Free Community College Proposal Gets Thumbs-Up — at Least on Facebook

President Obama chose a 9,700-student community college in Tennessee to make a dual proposal that he'll be taking to Congress in a couple of weeks: first, that students receive free community college; and second, that government help expand technical training programs by giving grants to those programs that show success.

Obama was joined at Pellissippi State Community College in Knoxville by Vice President Joe Biden as well as Jill Biden, who currently teaches as an adjunct English professor at Northern Virginia Community College.

The choice of Tennessee as the site for the announcements wasn't coincidental. The state has been piloting a similar initiative, Tennessee Promise, which will formally launch statewide in fall 2015. There, that program provides "last dollar" scholarships that pay tuition and fees not already covered by other funding and can be used at any of the state's 13 community colleges or 27 colleges of applied technology. Qualified students have to maintain a 2.0 grade point average and complete eight hours of community service during each term they're enrolled.

The White House idea is similar but without the volunteerism stipulation. The so-named "America's College Promise" will fund three-quarters of the average cost of community college for students who attend school at least half time, maintain a 2.5 GPA and show steady progress toward completing a program.

The colleges, for their part, will be expected to offer programs that will allow the student to transfer all credits to local four-year colleges and universities or job training with high graduation rates. Those schools must also adopt institutional reforms to improve their student outcomes.

The remaining funding is expected to come from state sources, the president said. "It’s not a free lunch. But for those willing to do the work, and for states and local communities that want to be a part of this, it can be a game-changer."

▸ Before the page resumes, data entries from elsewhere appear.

lemma finite_lattice_multiples:
  assumes L: "is_lattice L" and v: "v \<noteq> 0"
  shows "finite {s. 0 < s \<and> s \<le> 1 \<and> s *\<^sub>R v \<in> L}"
proof -
  have "(\<lambda>s. s *\<^sub>R v) ` {s. 0 < s \<and> s \<le> 1 \<and> s *\<^sub>R v \<in> L} \<subseteq> L \<inter> cball 0 (norm v)"
    by (auto simp: mult_left_le_one_le)
  then have "finite ((\<lambda>s. s *\<^sub>R v) ` {s. 0 < s \<and> s \<le> 1 \<and> s *\<^sub>R v \<in> L})"
    using finite_subset finite_lattice_Int_bounded[OF L bounded_cball] by blast
  moreover have "inj_on (\<lambda>s. s *\<^sub>R v) {s. 0 < s \<and> s \<le> 1 \<and> s *\<^sub>R v \<in> L}"
    using v by (auto simp: inj_on_def)
  ultimately show ?thesis by (rule finite_imageD)
qed

text \<open>The primitive vector is \<open>s\<^sub>0 v\<close> for the least \<open>s\<^sub>0 \<in> (0, 1]\<close> with \<open>s\<^sub>0 v \<in> L\<close>.\<close>
lemma lattice_primitive_multiple:
  assumes L: "is_lattice L" and v: "v \<in> L" "v \<noteq> 0"
  obtains p and k :: int where "lattice_primitive L p" "k \<ge> 1" "v = of_int k *\<^sub>R p"
proof -
  have G: "additive_subgroup L" using L by (rule additive_subgroup_lattice)
  define S where "S = {s::real. 0 < s \<and> s \<le> 1 \<and> s *\<^sub>R v \<in> L}"
  have finS: "finite S" unfolding S_def using finite_lattice_multiples[OF L v(2)] .
  have "1 \<in> S" using v(1) by (simp add: S_def)
  define s0 where "s0 = Min S"
  have s0S: "s0 \<in> S" unfolding s0_def using finS \<open>1 \<in> S\<close> by (intro Min_in) auto
  have s0_le: "s0 \<le> s" if "s \<in> S" for s unfolding s0_def using finS that by simp
  have s0: "0 < s0" using s0S by (simp add: S_def)
  define p where "p = s0 *\<^sub>R v"
  have pL: "p \<in> L" using s0S by (simp add: S_def p_def)
  have int_multiple: "\<exists>k::int. x = of_int k *\<^sub>R p" if x: "x \<in> L" "x \<in> span {p}" for x
  proof -
    obtain t where t: "x = t *\<^sub>R p" using x(2) by (auto simp: span_singleton)
    define f where "f = t - of_int \<lfloor>t\<rfloor>"
    have f: "0 \<le> f" "f < 1" unfolding f_def by linarith+
    have "x - of_int \<lfloor>t\<rfloor> *\<^sub>R p \<in> L"
      using additive_subgroup_diff[OF G x(1) additive_subgroup_scaleR_int[OF G pL]] .
    then have "(f * s0) *\<^sub>R v \<in> L" by (simp add: t f_def p_def left_diff_distrib scaleR_diff_left)
    have "f = 0"
    proof (rule ccontr)
      assume "f \<noteq> 0"
      then have "f * s0 \<in> S"
        using \<open>(f * s0) *\<^sub>R v \<in> L\<close> f s0 s0S by (auto simp: S_def mult_le_one)
      then show False using s0_le[of "f * s0"] f s0 by simp
    qed
    then show ?thesis by (auto simp: t f_def)
  qed
  have "L \<inter> span {p} = range (\<lambda>k::int. of_int k *\<^sub>R p)"
  proof (intro equalityI subsetI)
    fix x assume "x \<in> L \<inter> span {p}"
    then show "x \<in> range (\<lambda>k::int. of_int k *\<^sub>R p)" using int_multiple by blast
  qed (use additive_subgroup_scaleR_int[OF G pL] in \<open>auto simp: span_singleton\<close>)
  moreover have "p \<noteq> 0" using s0 v(2) by (simp add: p_def)
  ultimately have prim: "lattice_primitive L p" using pL by (simp add: lattice_primitive_def)
  have "v = (1 / s0) *\<^sub>R p" using s0 by (simp add: p_def)
  then obtain k :: int where k: "v = of_int k *\<^sub>R p"
    using int_multiple[OF v(1)] by (auto simp: span_singleton)
  then have "(of_int k * s0) *\<^sub>R v = 1 *\<^sub>R v" by (simp add: p_def)
  then have "of_int k * s0 = 1" using v(2) by (metis scaleR_cancel_right)
  then have "k \<ge> 1" using s0 by (smt (verit) mult_nonpos_nonneg of_int_le_0_iff of_int_less_1_iff)
  then show ?thesis using that prim k by blast
qed

section \<open>Lattice diameter and lattice complete bodies\<close>

definition lattice_lengths :: "'a::euclidean_space set \<Rightarrow> 'a set \<Rightarrow> real set" where
  "lattice_lengths L K =
     {s. 0 < s \<and> (\<exists>a\<in>K. \<exists>b\<in>K. \<exists>v. lattice_primitive L v \<and> b - a = s *\<^sub>R v)}"

lemma lattice_diam_eq_Sup_lattice_lengths: "lattice_diam L K = Sup (lattice_lengths L K)"
proof -
  have "{norm (b - a) / norm v | a b v. a \<in> K \<and> b \<in> K \<and> lattice_primitive L v
            \<and> (\<exists>t>0. v = t *\<^sub>R (b - a))} = lattice_lengths L K" (is "?A = _")
  proof (intro equalityI subsetI)
    fix s assume "s \<in> ?A"
    then obtain a b v t where abv: "a \<in> K" "b \<in> K" "lattice_primitive L v" "t > 0"
      "v = t *\<^sub>R (b - a)" "s = norm (b - a) / norm v" by blast
    then have "b - a \<noteq> 0" by (auto simp: lattice_primitive_def)
    then have "s = 1 / t" "b - a = (1 / t) *\<^sub>R v" using abv(4-6) by auto
    then show "s \<in> lattice_lengths L K" using abv(1-4) by (auto simp: lattice_lengths_def)
  next
    fix s assume "s \<in> lattice_lengths L K"
    then obtain a b v where abv: "s > 0" "a \<in> K" "b \<in> K" "lattice_primitive L v" "b - a = s *\<^sub>R v"
      by (auto simp: lattice_lengths_def)
    then have "v \<noteq> 0" by (simp add: lattice_primitive_def)
    then have "v = (1 / s) *\<^sub>R (b - a)" "s = norm (b - a) / norm v" using abv(1,5) by auto
    moreover have "1 / s > 0" using abv(1) by simp
    ultimately show "s \<in> ?A" using abv(2-4) by blast
  qed
  then show ?thesis by (simp add: lattice_diam_def)
qed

"For millions of Americans, community colleges are essential pathways to the middle class because they're local, they're flexible. They work for people who work full-time. They work for parents who have to raise kids full-time. They work for folks who have gone as far as their skills will take them and want to earn new ones, but don't have the capacity to just suddenly go study for four years and not work. Community colleges work for veterans transitioning back into civilian life. Whether you're the first in your family to go to college, or coming back to school after many years away, community colleges find a place for you. And you can get a great education," the President said in his speech. "Community colleges should be free for those willing to work for it — because in America, a quality education cannot be a privilege that is reserved for a few. I think it's a right for everybody who's willing to work for it."

According to the White House, if all 50 states chose to implement the community college proposal, it could save a full-time student roughly $3,800 in tuition each year on average and reach about nine million students.

Obama's proposed new "American Technical Training Fund" will help finance development and expansion of programs that meet several criteria: They have strong employer partnerships and offer work-based learning opportunities, provide accelerated training, and accommodate part-time work. Those programs could exist within current community colleges or other institutions. He said the program would start off by funding creation of up to 100 centers. Small grants would be applied to pilots; larger grants would be used to expand programs that have proven their effectiveness.

Initial response to the programs was positive — at least among the general public. A video on the White House Facebook page had received 300,000 "likes" in the first 24 hours.

"Free-tuition for all has the potential to alter not only postsecondary education participation rates but also postsecondary education program completion rates," said John Levin, a professor in the Graduate School of Education at the University of California, Riverside. "The Obama graduation initiative will move forward if community college students can be relieved of economic hardships."

"The President's proposal represents an immense potential investment in community colleges and in the talent needed to drive economic growth and increase social mobility across the United States," added Josh Wyner, executive director of the Aspen Institute College Excellence Program and author of the book, What Excellent Community Colleges Do: Preparing All Students for Success. "At the same time, the proposal makes clear that states, community colleges and students themselves must do their part to ensure that the unprecedented access this proposal offers is not hollow — that the 9 million students who stand to benefit from free community college actually learn, graduate and attain the jobs and further education to which they aspire."

However, not everybody was favorable. Several public statements suggested that the program would turn into a government boondoggle rewarding a group of institutions that overall show poor outcomes.

"The completion data for community colleges simply don't justify the estimated $34 billion price tag of this initiative," noted Neal McCluskey, associate director for the think tank Cato Institute's Center for Educational Freedom.

"The President's plan is rooted in noble intentions. He wants to get more high-achieving students to take advantage of community colleges, a relatively cheap educational option, in order to bolster our workforce. It is certainly true that college-educated students do better than their non-college-educated peers," stated Judah Bellin, higher education researcher for nonprofit think tank Manhattan Institute for Policy Research, in a statement. "However, making community college free for these students will likely have little to no impact on their success. Compared to every higher-education sector, community colleges exhibit the lowest graduation rates. Furthermore, only about 20 percent of community college students actually transfer to four-year institutions. It's not clear how simply making it easier for more students to attend these schools will improve outcomes."

Obama will formally make the proposals to Congress on January 20 as part of his annual State of the Union address.